Take the Hull Women’s Network for example. This local initiative buys and develops homes for women and children fleeing domestic violence, among other things. It gives them an affordable sanctuary to start again AND makes a fair profit for investors – up to 12% return on your property after tax. This kind of investment– at least to my mind – is the kind of “ESG” lending that deserves the label. It’s truly impactful and sustainable for society.

With a couple of hours’ research – time to crack open the coffee and reading glasses – you can find more organisations like this.

Many of these initiatives have a focus on a particularly vulnerable groups affected by the housing crisis. For example, rough sleepers, immigrants, low income families, people with disabilities, students, those fleeing domestic violence and the elderly.
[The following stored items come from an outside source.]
lemma theta3_shift_eq_theta_char:
  "ep \<tau> (of_real c ^ 2 / 16) * ep z (of_real c / 4) * theta3 (z + of_real c * \<tau> / 2) (2 * \<tau>) =
     theta_char z (2 * \<tau>) (c / 4)"
proof -
  have "theta_char_term z (2 * \<tau>) (c / 4) = (\<lambda>n. ep \<tau> (of_real c ^ 2 / 16) * ep z (of_real c / 4) *
      (ep (2 * \<tau>) ((of_int n)\<^sup>2 / 2) * ep (z + of_real c * \<tau> / 2) (of_int n)))"
    unfolding theta_char_term_def ep_def mult_exp_exp
    by (rule ext, rule arg_cong[where f = exp]) (simp add: field_simps power2_eq_square)
  then show ?thesis
    unfolding theta_char_def theta3_def by (simp add: infsum_cmult_right')
qed

lemma theta_duplication:
  assumes "Im \<tau> > 0"
  shows "theta3 z (2 * \<tau>) ^ 2 + theta2 z (2 * \<tau>) ^ 2 = theta3 z \<tau> * theta3 0 \<tau>"
    and "theta3 z (2 * \<tau>) ^ 2 - theta2 z (2 * \<tau>) ^ 2 = theta4 z \<tau> * theta4 0 \<tau>"
    and "theta4 z (2 * \<tau>) ^ 2 + theta1 z (2 * \<tau>) ^ 2 = theta4 z \<tau> * theta3 0 \<tau>"
    and "theta4 z (2 * \<tau>) ^ 2 - theta1 z (2 * \<tau>) ^ 2 = theta3 z \<tau> * theta4 0 \<tau>"
    and "2 * theta3 z (2 * \<tau>) * theta2 z (2 * \<tau>) = theta2 z \<tau> * theta2 0 \<tau>"
    and "2 * theta4 z (2 * \<tau>) * theta1 z (2 * \<tau>) = theta1 z \<tau> * theta2 0 \<tau>"
proof -
  note mult = theta_char_mult[OF assms]
  have shift: "theta_char (\<zeta> + 1) \<tau>' 0 = theta_char \<zeta> \<tau>' 0"
    "theta_char (\<zeta> + 1) \<tau>' (1/2) = - theta_char \<zeta> \<tau>' (1/2)" for \<zeta> \<tau>'
    using theta_char_add_1[of \<zeta> \<tau>' 0] theta_char_add_1[of \<zeta> \<tau>' "1/2"] by simp_all
  have shift': "theta_char (z - 1/2) \<tau>' 0 = theta_char (z + 1/2) \<tau>' 0"
    "theta_char (z - 1/2) \<tau>' (1/2) = - theta_char (z + 1/2) \<tau>' (1/2)" for \<tau>'
    using shift[of "z - 1/2" \<tau>'] by (simp_all add: add.commute)
  have one: "theta_char \<zeta> \<tau>' 1 = theta_char \<zeta> \<tau>' 0" for \<zeta> \<tau>'
    using theta_char_char_add_1[of \<zeta> \<tau>' 0] by simp
  note to_char = theta1_eq_theta_char theta2_eq_theta_char theta3_eq_theta_char theta4_eq_theta_char
  show "theta3 z (2 * \<tau>) ^ 2 + theta2 z (2 * \<tau>) ^ 2 = theta3 z \<tau> * theta3 0 \<tau>"
    using mult[of z 0 0 0] unfolding to_char by (simp add: power2_eq_square)
  show "theta3 z (2 * \<tau>) ^ 2 - theta2 z (2 * \<tau>) ^ 2 = theta4 z \<tau> * theta4 0 \<tau>"
    using mult[of "z + 1/2" 0 "1/2" 0] unfolding to_char by (simp add: power2_eq_square add.assoc shift)
  show "theta4 z (2 * \<tau>) ^ 2 + theta1 z (2 * \<tau>) ^ 2 = theta4 z \<tau> * theta3 0 \<tau>"
    using mult[of "z + 1/2" 0 0 0] unfolding to_char by (simp add: power2_eq_square)
  show "theta4 z (2 * \<tau>) ^ 2 - theta1 z (2 * \<tau>) ^ 2 = theta3 z \<tau> * theta4 0 \<tau>"
    using mult[of z 0 "1/2" 0] unfolding to_char by (simp add: power2_eq_square shift')
  show "2 * theta3 z (2 * \<tau>) * theta2 z (2 * \<tau>) = theta2 z \<tau> * theta2 0 \<tau>"
    using mult[of z "1/2" 0 "1/2"] unfolding to_char by (simp add: one mult.commute)
  show "2 * theta4 z (2 * \<tau>) * theta1 z (2 * \<tau>) = theta1 z \<tau> * theta2 0 \<tau>"
    using mult[of "z + 1/2" "1/2" 0 "1/2"] unfolding to_char by (simp add: one mult.commute)
qed
lemma partial_slack:
  assumes "simplex_poly d f" "in_simplex_interior d y" "i \<in> {1..d}"
  shows "partial i (\<lambda>z. (1 - abs_sum d z) * f z) y = (1 - abs_sum d y) * partial i f y - f y"
proof -
  obtain T where T: "\<And>y. in_simplex_interior d y \<Longrightarrow> f y = eval_spoly d T y"
    using assms(1) unfolding simplex_poly_def by blast
  have "partial i (\<lambda>z. (1 - abs_sum d z) * f z) y = eval_spoly d (partial_spoly i (slack_spoly T)) y"
    by (rule partial_eq_eval_partial_spoly[OF _ assms(2,3)]) (simp add: eval_slack_spoly T)
  then show ?thesis
    using partial_eq_eval_partial_spoly[OF T assms(2,3)] T[OF assms(2)]
    by (simp add: eval_partial_slack_spoly assms(2))
qed

lemma partial_commute:
  assumes "simplex_poly d f" "in_simplex_interior d y" "i \<in> {1..d}" "j \<in> {1..d}"
  shows "partial i (partial j f) y = partial j (partial i f) y"
proof -
  obtain T where T: "\<And>y. in_simplex_interior d y \<Longrightarrow> f y = eval_spoly d T y"
    using assms(1) unfolding simplex_poly_def by blast
  have "partial i (partial j f) y = eval_spoly d (partial_spoly i (partial_spoly j T)) y"
    by (rule partial_eq_eval_partial_spoly[OF _ assms(2,3)])
      (rule partial_eq_eval_partial_spoly[OF T _ assms(4)])
  moreover have "partial j (partial i f) y = eval_spoly d (partial_spoly j (partial_spoly i T)) y"
    by (rule partial_eq_eval_partial_spoly[OF _ assms(2,4)])
      (rule partial_eq_eval_partial_spoly[OF T _ assms(3)])
  ultimately show ?thesis by (simp add: eval_partial_spoly_commute)
qed

definition simplex_linear_op ::
    "nat \<Rightarrow> (((nat \<Rightarrow> real) \<Rightarrow> real) \<Rightarrow> ((nat \<Rightarrow> real) \<Rightarrow> real)) \<Rightarrow> bool" where
  "simplex_linear_op d L \<longleftrightarrow>
     (\<forall>f. simplex_poly d f \<longrightarrow> simplex_poly d (L f)) \<and>
     (\<forall>f g. (\<forall>z. in_simplex_interior d z \<longrightarrow> f z = g z) \<longrightarrow>
        (\<forall>y. in_simplex_interior d y \<longrightarrow> L f y = L g y)) \<and>
     (\<forall>f g r s. simplex_poly d f \<longrightarrow> simplex_poly d g \<longrightarrow>
        (\<forall>y. in_simplex_interior d y \<longrightarrow> L (\<lambda>z. r * f z + s * g z) y = r * L f y + s * L g y))"
lemma tl_eq_swap_Cup_Cap:
  assumes "disjoint_pairs a b" "typed k n [(b, Cup), (a, Cap)]"
  shows "typed k (k - 2) [(shift_past b a, Cap)]" "typed (k - 2) n [(shift_past a b, Cup)]"
    "tl_eq k n (dlt [(b, Cup), (a, Cap)] :: word \<Rightarrow> 'k::field)
       (dlt [(shift_past b a, Cap), (shift_past a b, Cup)])"
proof -
  show "typed k (k - 2) [(shift_past b a, Cap)]" "typed (k - 2) n [(shift_past a b, Cup)]"
    using assms by (auto simp: shift_past_def)
  show "tl_eq k n (dlt [(b, Cup), (a, Cap)] :: word \<Rightarrow> 'k)
      (dlt [(shift_past b a, Cap), (shift_past a b, Cup)])"
  proof (cases "b < a")
    case True
    then show ?thesis
      using tl_eq_interchange[of b Cup a k n Cap] assms by (simp add: shift_past_def)
  next
    case False
    then have shifts: "shift_past b a = a" "shift_past a b = b - 2"
      using assms(1) by (auto simp: shift_past_def)
    have "typed k n [(a, Cap), (b - 2, Cup)]" "a + outs Cap \<le> b - 2" "Suc (Suc (b - 2)) = b"
      using assms False by auto
    then have "tl_eq k n (dlt [(a, Cap), (b - 2, Cup)] :: word \<Rightarrow> 'k) (dlt [(b, Cup), (a, Cap)])"
      using tl_eq_interchange[of a Cap "b - 2" k n Cup] by simp
    then show ?thesis unfolding shifts by (rule tl_eq_sym)
  qed
qed

lemma tl_eq_swap_Cap_Cap:
  assumes "disjoint_pairs a b" "typed k n [(b, Cap), (shift_past b a, Cap)]"
  shows "typed k (k - 2) [(a, Cap)]" "typed (k - 2) n [(shift_past a b, Cap)]"
    "tl_eq k n (dlt [(b, Cap), (shift_past b a, Cap)] :: word \<Rightarrow> 'k::field)
       (dlt [(a, Cap), (shift_past a b, Cap)])"
proof -
  show "typed k (k - 2) [(a, Cap)]" "typed (k - 2) n [(shift_past a b, Cap)]"
    using assms by (auto simp: shift_past_def split: if_splits)
  show "tl_eq k n (dlt [(b, Cap), (shift_past b a, Cap)] :: word \<Rightarrow> 'k)
      (dlt [(a, Cap), (shift_past a b, Cap)])"
  proof (cases "b < a")
    case True
    then have shifts: "shift_past b a = a - 2" "shift_past a b = b"
      using assms(1) by (auto simp: shift_past_def)
    have "typed k n [(b, Cap), (a - 2, Cap)]" "b + outs Cap \<le> a - 2" "a - 2 + 2 = a"
      using assms True shifts by auto
    then show ?thesis
      unfolding shifts using tl_eq_interchange[of b Cap "a - 2" k n Cap] by simp
  next
    case False
    then have shifts: "shift_past b a = a" "shift_past a b = b - 2"
      using assms(1) by (auto simp: shift_past_def)
    have "typed k n [(a, Cap), (b - 2, Cap)]" "a + outs Cap \<le> b - 2" "b - 2 + 2 = b"
      using assms False shifts by auto
    then have "tl_eq k n (dlt [(a, Cap), (b - 2, Cap)] :: word \<Rightarrow> 'k) (dlt [(b, Cap), (a, Cap)])"
      using tl_eq_interchange[of a Cap "b - 2" k n Cap] by simp
    then show ?thesis unfolding shifts by (rule tl_eq_sym)
  qed
qed

lemma tl_eq_swap_Cup_Cup:
  assumes "disjoint_pairs a c" "typed k n [(shift_past c a, Cup), (c, Cup)]"
  shows "typed k (k + 2) [(shift_past a c, Cup)]" "typed (k + 2) n [(a, Cup)]"
    "tl_eq k n (dlt [(shift_past c a, Cup), (c, Cup)] :: word \<Rightarrow> 'k::field)
       (dlt [(shift_past a c, Cup), (a, Cup)])"
proof -
  show "typed k (k + 2) [(shift_past a c, Cup)]" "typed (k + 2) n [(a, Cup)]"
    using assms by (auto simp: shift_past_def split: if_splits)
  show "tl_eq k n (dlt [(shift_past c a, Cup), (c, Cup)] :: word \<Rightarrow> 'k)
      (dlt [(shift_past a c, Cup), (a, Cup)])"
  proof (cases "c < a")
    case True
    then have shifts: "shift_past c a = a - 2" "shift_past a c = c"
      using assms(1) by (auto simp: shift_past_def)
    have "typed k n [(c, Cup), (a, Cup)]" "c + outs Cup \<le> a"
      using assms True shifts by auto
    then have "tl_eq k n (dlt [(c, Cup), (a, Cup)] :: word \<Rightarrow> 'k) (dlt [(a - 2, Cup), (c, Cup)])"
      using tl_eq_interchange[of c Cup a k n Cup] by simp
    then show ?thesis unfolding shifts by (rule tl_eq_sym)
  next
    case False
    then have shifts: "shift_past c a = a" "shift_past a c = c - 2"
      using assms(1) by (auto simp: shift_past_def)
    have "typed k n [(a, Cup), (c, Cup)]" "a + outs Cup \<le> c"
      using assms False shifts by auto
    then show ?thesis
      unfolding shifts using tl_eq_interchange[of a Cup c k n Cup] by simp
  qed
qed
(* Define the $\mathbf{z}$-dependent $4N\times4N$ matrix $A(\mathbf{z}):=M\,\mathrm{adj}(\mathbb{I}_{2N}-U(\mathbf{z}))\,M^{*}$. Then: (1) its entries are polynomials in $\mathbf{z}$; (2) if $\mathbf{z}\in\Sigma^{\mathrm{sing}}(\Gamma)$, then $A(\mathbf{z})=0$; (3) if $\mathbf{z}\in\Sigma^{\mathrm{reg}}(\Gamma)$, then for any $\mathbf{x}\neq0$ with $(\mathbf{z},\mathbf{x})\in\mathcal{T}(\Gamma)$, $A(\mathbf{z})=c_{\mathbf{z},\mathbf{x}}\,\mathbf{x}\mathbf{x}^{*}$ for some $c_{\mathbf{z},\mathbf{x}}\in\mathbb{C}\setminus\{0\}$.
   Context: $\Gamma$ is a finite graph with $N$ edges with standard vertex conditions. $S$ is its real orthogonal $2N\times2N$ bond scattering matrix, $U(\mathbf{z})=\mathrm{diag}(\mathbf{z},\mathbf{z})S$, $J=\begin{pmatrix}0&\mathbb{I}_N\\ \mathbb{I}_N&0\end{pmatrix}$, $M=\begin{pmatrix}S+J\\ i(S-J)\end{pmatrix}$, $\mathbb{I}_m$ the $m\times m$ identity, and $\mathrm{adj}$ the adjugate matrix. $P_\Gamma(\mathbf{z})=\det(\mathbb{I}_{2N}-U(\mathbf{z}))$; the secular manifold is $\Sigma(\Gamma)=\{\mathbf{z}\in\mathbb{T}^N:P_\Gamma(\mathbf{z})=0\}$, with $\Sigma^{\mathrm{sing}}(\Gamma)$ the points where also $\nabla P_\Gamma=0$ and $\Sigma^{\mathrm{reg}}(\Gamma)$ those where $\nabla P_\Gamma\neq0$. The trace space $\mathcal{T}(\Gamma)\subset\mathbb{T}^N\times\mathbb{C}^{4N}$ is the set of pairs $(\exp(ik\boldsymbol{\ell}),\mathrm{tr}_k(f))$ over eigenpairs $(k^2,f)$ of $(\Gamma,\boldsymbol{\ell})$, $\boldsymbol{\ell}\in\mathbb{R}_+^N$, where $\mathrm{tr}_k(f)=(\gamma_D(f),\tfrac1k\gamma_N(f))$ is the scale-invariant trace. *)

theory Defs
  imports "HOL-Analysis.Analysis" "Jordan_Normal_Form.Determinant"
          "Jordan_Normal_Form.Schur_Decomposition"
begin
section \<open>Primitivity forces a single cycle and coprime distances\<close>

text \<open>If the commutator [s,t] moves points only within s^d-orbits, where 0 < d < L and
  d divides the length L of the s-cycle of x, then the s^d-orbit of x is a nontrivial block;
  under primitivity it must be everything, which forces d = 1 and a single s-cycle.\<close>

lemma primitive_imp_single_orbit:
  fixes s t :: "nat \<Rightarrow> nat"
  assumes s: "s permutes S" and t: "t permutes S" and fin: "finite S" and x: "x \<in> S"
    and comm: "\<And>w. same_orbit (s ^^ d) ((s \<circ> t \<circ> inv s \<circ> inv t) w) w"
    and d: "0 < d" "d < least_power s x" "d dvd least_power s x"
    and prim: "primitive_on (gen2 s t) S"
  shows "d = 1 \<and> orbit s x = S"
proof -
  have ps: "permutation s" and pt: "permutation t"
    using s t fin permutation_permutes by blast+
  have pd: "permutation (s ^^ d)" using ps by (rule permutation_funpow)
  let ?D = "orbit (s ^^ d) x"
  have block: "is_block (gen2 s t) ?D"
    unfolding is_block_def
    using orbit_invariant_or_disjoint[OF pd permutes_inj[OF gen2_permutes[OF s t]]
        gen2_preserves_power_orbits[OF ps pt comm]] by blast
  have sub: "?D \<subseteq> S" using permutes_orbit_subset[OF permutes_funpow[OF s] x] .
  have xD: "x \<in> ?D" by (rule permutation_self_in_orbit[OF pd])
  have sdD: "(s ^^ d) x \<in> ?D" by (rule orbit.base)
  have "(s ^^ d) x \<noteq> x"
  proof
    assume "(s ^^ d) x = x"
    then have "least_power s x dvd d" by (rule least_power_minimal)
    then have "least_power s x \<le> d" using d(1) by (rule dvd_imp_le)
    with d(2) show False by simp
  qed
  moreover have "(\<exists>a. ?D = {a}) \<or> ?D = S"
    using prim[unfolded primitive_on_iff_blocks, rule_format, OF _ sub block] xD by blast
  ultimately have DS: "?D = S" using xD sdD by (metis singletonD)
  have "s x \<in> ?D" using DS permutes_in_image[OF s] x by simp
  then obtain k where "((s ^^ d) ^^ k) x = s x"
    unfolding orbit_altdef_permutation[OF pd] by auto
  then have k: "(s ^^ 1) x = (s ^^ (d * k)) x" by (simp add: funpow_mult)
  have "d * k \<noteq> 0"
  proof
    assume "d * k = 0"
    then have "(s ^^ 1) x = x" using k unfolding \<open>d * k = 0\<close> by simp
    then have "least_power s x dvd 1" by (rule least_power_minimal)
    then show False using d by simp
  qed
  then have "(s ^^ (d * k - 1)) x = x"
    using funpow_diff[OF permutes_inj[OF s] _ k] by simp
  then have "least_power s x dvd d * k - 1" by (rule least_power_minimal)
  then have "d dvd d * k - 1" using d(3) by (rule dvd_trans[rotated])
  then have "d dvd d * k - (d * k - 1)" by (simp add: dvd_diff_nat)
  then have "d = 1" using \<open>d * k \<noteq> 0\<close> by simp
  with DS show ?thesis by simp
qed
Finding a group that speaks to you and your values, and simply getting in touch could be a wonderful way to make your bridging firm more socially sustainable. And remember… It’s not “charity”. It’s an investment.

Inclusive lending boosts society

Another way bridging lenders can make a positive impact on society is simply to make their products accessible. For generations, people have been cut out from traditional forms of lending. One of the most obvious examples is the Muslim community.

According to the laws of Islam, followers cannot engage in any form of finance which includes interest. As you may be able to imagine, this cuts out almost all mortgages and bridging loans. But it doesn’t have to. A few simple changes could make property finance viable for everyone.

For example, if bridging lenders offer a payment plan product with fixed monthly costs – rather than an interest-bearing loan – Muslims would be able to take part without compromising their religion. This would, of course, benefit the bridging firms as well, opening a new universe of potential clients.

What every UK lender needs to know about Islamic bridging finance right now

Inclusivity within bridging extends far beyond different religions too. For decades, huge groups have been left out of the picture. Caucasian businessmen tend to have been prioritised to the detriment of everyone else (possibly because the senior leadership was traditionally male dominated). But taking a moment to include as many different groups and communities as possible with real and tailored products could prove to be revolutionary – for profits as well as people.

Diversity within the office is paramount

Achieving these aims starts within the team. And as obvious as it may sound, to represent different members of society, firms need to be made up of them. It’s been proved that boards which contain at least 30% women perform better. Both for ESG goals and the balance sheet. This is because teams which are made up of different backgrounds, experiences and beliefs avoid “group think” and come up with sparkling new ideas.

Perhaps the simplest and most effective way to start making a difference, is with a few strategic promotions.